■ How to complete this task ■
Print nothing but the lines below starting at the line that holds "mu f gf \<longleftrightarrow>" and ending at the line that holds "beta gf \<longleftrightarrow>", including both, each exactly as written.

Saved entries
━━━━━━━━━━━━━━━━

(* Let $\mathcal X,\mathcal Y$ be Polish spaces, $c:\mathcal X\times\mathcal Y\to\mathbb R$ measurable with $|c|\le 1$, and $\varepsilon>0$. Then for all $\mu,\tilde\mu\in\mathcal P(\mathcal X)$ and $\nu,\tilde\nu\in\mathcal P(\mathcal Y)$, \[ |\mathrm{OT}_{c,\varepsilon}(\tilde\mu,\tilde\nu)-\mathrm{OT}_{c,\varepsilon}(\mu,\nu)|\le 2\sup_{\phi\in\mathcal F_{c,\varepsilon}}\Big|\int_{\mathcal X}\phi\,d(\tilde\mu-\mu)\Big|+2\sup_{\phi\in\mathcal F_{c,\varepsilon}}\Big|\int_{\mathcal Y}\phi^{(c,\varepsilon)}_{\tilde\mu}\,d(\tilde\nu-\nu)\Big|. \]
   Context: $\mathcal P(\cdot)$ denotes Borel probability measures. $\mathrm{OT}_{c,\varepsilon}(\mu,\nu)=\inf_{\pi\in\Pi(\mu,\nu)}\int c\,d\pi+\varepsilon\,\mathrm{KL}(\pi\mid\mu\otimes\nu)$, with $\Pi(\mu,\nu)$ the couplings of $\mu,\nu$ and $\mathrm{KL}(\pi\mid\rho)=\int\log(d\pi/d\rho)\,d\pi$ if $\pi\ll\rho$, $+\infty$ otherwise. $\exp_\varepsilon(t)=\exp(t/\varepsilon)$. For $\xi\in\mathcal P(\mathcal Y)$ and measurable $\psi$ on $\mathcal Y$: $\psi^{(c,\varepsilon)}_\xi(x)=-\varepsilon\log\int\exp_\varepsilon(\psi(y)-c(x,y))\,d\xi(y)$; for $\tilde\mu\in\mathcal P(\mathcal X)$ and measurable $\phi$ on $\mathcal X$: $\phi^{(c,\varepsilon)}_{\tilde\mu}(y)=-\varepsilon\log\int\exp_\varepsilon(\phi(x)-c(x,y))\,d\tilde\mu(x)$. $\mathcal F_{c,\varepsilon}=\bigcup_{\xi\in\mathcal P(\mathcal Y)}\{\phi:\mathcal X\to\mathbb R\mid\exists\,\psi:\mathcal Y\to\mathbb R\text{ measurable},\ \phi=\psi^{(c,\varepsilon)}_\xi,\ \|\phi\|_\infty,\|\psi\|_\infty\le 3/2\}$. *)

theory Defs
  imports "HOL-Probability.Probability"
begin

definition borel_prob :: "'a::topological_space measure \<Rightarrow> bool" where
  "borel_prob M \<longleftrightarrow> prob_space M \<and> sets M = sets (borel :: 'a measure)"

definition couplings :: "'a::topological_space measure \<Rightarrow> 'b::topological_space measure \<Rightarrow> ('a \<times> 'b) measure set" where
  "couplings \<mu> \<nu> = {\<pi>. prob_space \<pi> \<and> sets \<pi> = sets (\<mu> \<Otimes>\<^sub>M \<nu>)
      \<and> distr \<pi> \<mu> fst = \<mu> \<and> distr \<pi> \<nu> snd = \<nu>}"

text \<open>Kullback-Leibler divergence KL(pi | rho) = int log (d pi / d rho) d pi if pi << rho,
  +infinity otherwise.  (The negative part of the log-density is always pi-integrable,
  so a non-integrable log-density means the integral is +infinity.)\<close>
definition KL :: "'a measure \<Rightarrow> 'a measure \<Rightarrow> ereal" where
  "KL \<pi> \<rho> =
     (if sets \<pi> = sets \<rho> \<and> absolutely_continuous \<rho> \<pi> then
        (if integrable \<pi> (\<lambda>z. ln (enn2real (RN_deriv \<rho> \<pi> z)))
         then ereal (\<integral>z. ln (enn2real (RN_deriv \<rho> \<pi> z)) \<partial>\<pi>)
         else \<infinity>)
      else \<infinity>)"

definition OT :: "('a::topological_space \<Rightarrow> 'b::topological_space \<Rightarrow> real) \<Rightarrow> real
     \<Rightarrow> 'a measure \<Rightarrow> 'b measure \<Rightarrow> ereal" where
  "OT c \<epsilon> \<mu> \<nu> =
     (INF \<pi>\<in>couplings \<mu> \<nu>. ereal (\<integral>z. c (fst z) (snd z) \<partial>\<pi>) + ereal \<epsilon> * KL \<pi> (\<mu> \<Otimes>\<^sub>M \<nu>))"

definition ctransX :: "('a \<Rightarrow> 'b \<Rightarrow> real) \<Rightarrow> real \<Rightarrow> 'b measure \<Rightarrow> ('b \<Rightarrow> real) \<Rightarrow> 'a \<Rightarrow> real" where
  "ctransX c \<epsilon> \<xi> \<psi> x = - \<epsilon> * ln (\<integral>y. exp ((\<psi> y - c x y) / \<epsilon>) \<partial>\<xi>)"
(* Consider FedMoSWA with client sampling (described in the context) applied to $F=\frac1m\sum_{i=1}^m F_i$, where each $F_i$ is $\mu$-strongly convex ($\mu\ge0$ allowed) and $\beta$-smooth. Then for any $\tilde\eta:=\eta_l\alpha K\in[0,1/\beta]$, $$\mathcal{C}_t\le\left(1-\frac sm\right)\mathcal{C}_{t-1}+\frac sm\left(4\beta\left(\mathbb{E}[F(\boldsymbol{\theta}^{t-1})]-F(\boldsymbol{\theta}^\star)\right)+2\beta^2\mathcal{E}_t\right).$$
   Context: FedMoSWA with sampling: $m$ clients, in round $t$ a set $\mathcal{S}^t$ of $s$ clients is sampled uniformly. Server holds $\boldsymbol{\theta}^{t-1}$ and control variable $\mathbf{m}$; each client has control variable $\boldsymbol{c}_i$. Each sampled client sets $\boldsymbol{\theta}^t_{i,0}=\boldsymbol{\theta}^{t-1}$ and for $k=1,\dots,K$: $\boldsymbol{\theta}^t_{i,k}=\boldsymbol{\theta}^t_{i,k-1}-\eta_l(g_i(\boldsymbol{\theta}^t_{i,k-1})+\mathbf{m}-\boldsymbol{c}_i)$, with $g_i$ an unbiased stochastic gradient of $F_i$, then sets $\boldsymbol{c}_i^t=\frac1K\sum_{k=1}^K g_i(\boldsymbol{\theta}^t_{i,k-1})$ (non-sampled clients keep $\boldsymbol{c}_i^t=\boldsymbol{c}_i^{t-1}$). The server sets $\boldsymbol{\theta}^t=\boldsymbol{\theta}^{t-1}+\alpha\left(\frac1s\sum_{i\in\mathcal{S}^t}\boldsymbol{\theta}^t_{i,K}-\boldsymbol{\theta}^{t-1}\right)$ and $\mathbf{m}^t=\mathbf{m}^{t-1}+\gamma\frac1s\sum_{i\in\mathcal{S}^t}(\boldsymbol{c}_i^t-\mathbf{m}^{t-1})$. $\boldsymbol{\theta}^\star$ minimizes $F$. $\mathcal{E}_t:=\frac{1}{Km}\sum_{k=1}^K\sum_{i=1}^m\mathbb{E}\|\boldsymbol{\theta}^t_{i,k}-\boldsymbol{\theta}^{t-1}\|^2$; $\mathcal{C}_t:=\frac1m\sum_{i=1}^m\|\mathbb{E}[\boldsymbol{c}_i^t]-\nabla F_i(\boldsymbol{\theta}^\star)\|^2$. *)

theory Defs
  imports "HOL-Probability.Probability"
begin

definition has_gradient_everywhere :: "('a::euclidean_space \<Rightarrow> real) \<Rightarrow> ('a \<Rightarrow> 'a) \<Rightarrow> bool" where
  "has_gradient_everywhere f gf \<longleftrightarrow> (\<forall>x. (f has_derivative (\<lambda>h. gf x \<bullet> h)) (at x))"

definition strongly_convex_grad :: "real \<Rightarrow> ('a::euclidean_space \<Rightarrow> real) \<Rightarrow> ('a \<Rightarrow> 'a) \<Rightarrow> bool" where
  "strongly_convex_grad mu f gf \<longleftrightarrow>
     (\<forall>x y. f y \<ge> f x + gf x \<bullet> (y - x) + mu / 2 * (norm (y - x))\<^sup>2)"

definition smooth_grad :: "real \<Rightarrow> ('a::euclidean_space \<Rightarrow> 'a) \<Rightarrow> bool" where
  "smooth_grad beta gf \<longleftrightarrow> (\<forall>x y. norm (gf x - gf y) \<le> beta * norm (x - y))"

definition uniform_subsets :: "nat \<Rightarrow> nat \<Rightarrow> nat set pmf" where
  "uniform_subsets m s = pmf_of_set {A. A \<subseteq> {..<m} \<and> card A = s}"

definition sq_integrable :: "'w measure \<Rightarrow> ('w \<Rightarrow> 'a::euclidean_space) \<Rightarrow> bool" where
  "sq_integrable M X \<longleftrightarrow> X \<in> borel_measurable M \<and> integrable M X \<and> integrable M (\<lambda>w. (norm (X w))\<^sup>2)"

end

theory Submission
  imports Defs
begin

━━━━━━━━━━━━━━━━

■ Output below ■
  "strongly_convex_grad mu f gf \<longleftrightarrow>
     (\<forall>x y. f y \<ge> f x + gf x \<bullet> (y - x) + mu / 2 * (norm (y - x))\<^sup>2)"

definition smooth_grad :: "real \<Rightarrow> ('a::euclidean_space \<Rightarrow> 'a) \<Rightarrow> bool" where
  "smooth_grad beta gf \<longleftrightarrow> (\<forall>x y. norm (gf x - gf y) \<le> beta * norm (x - y))"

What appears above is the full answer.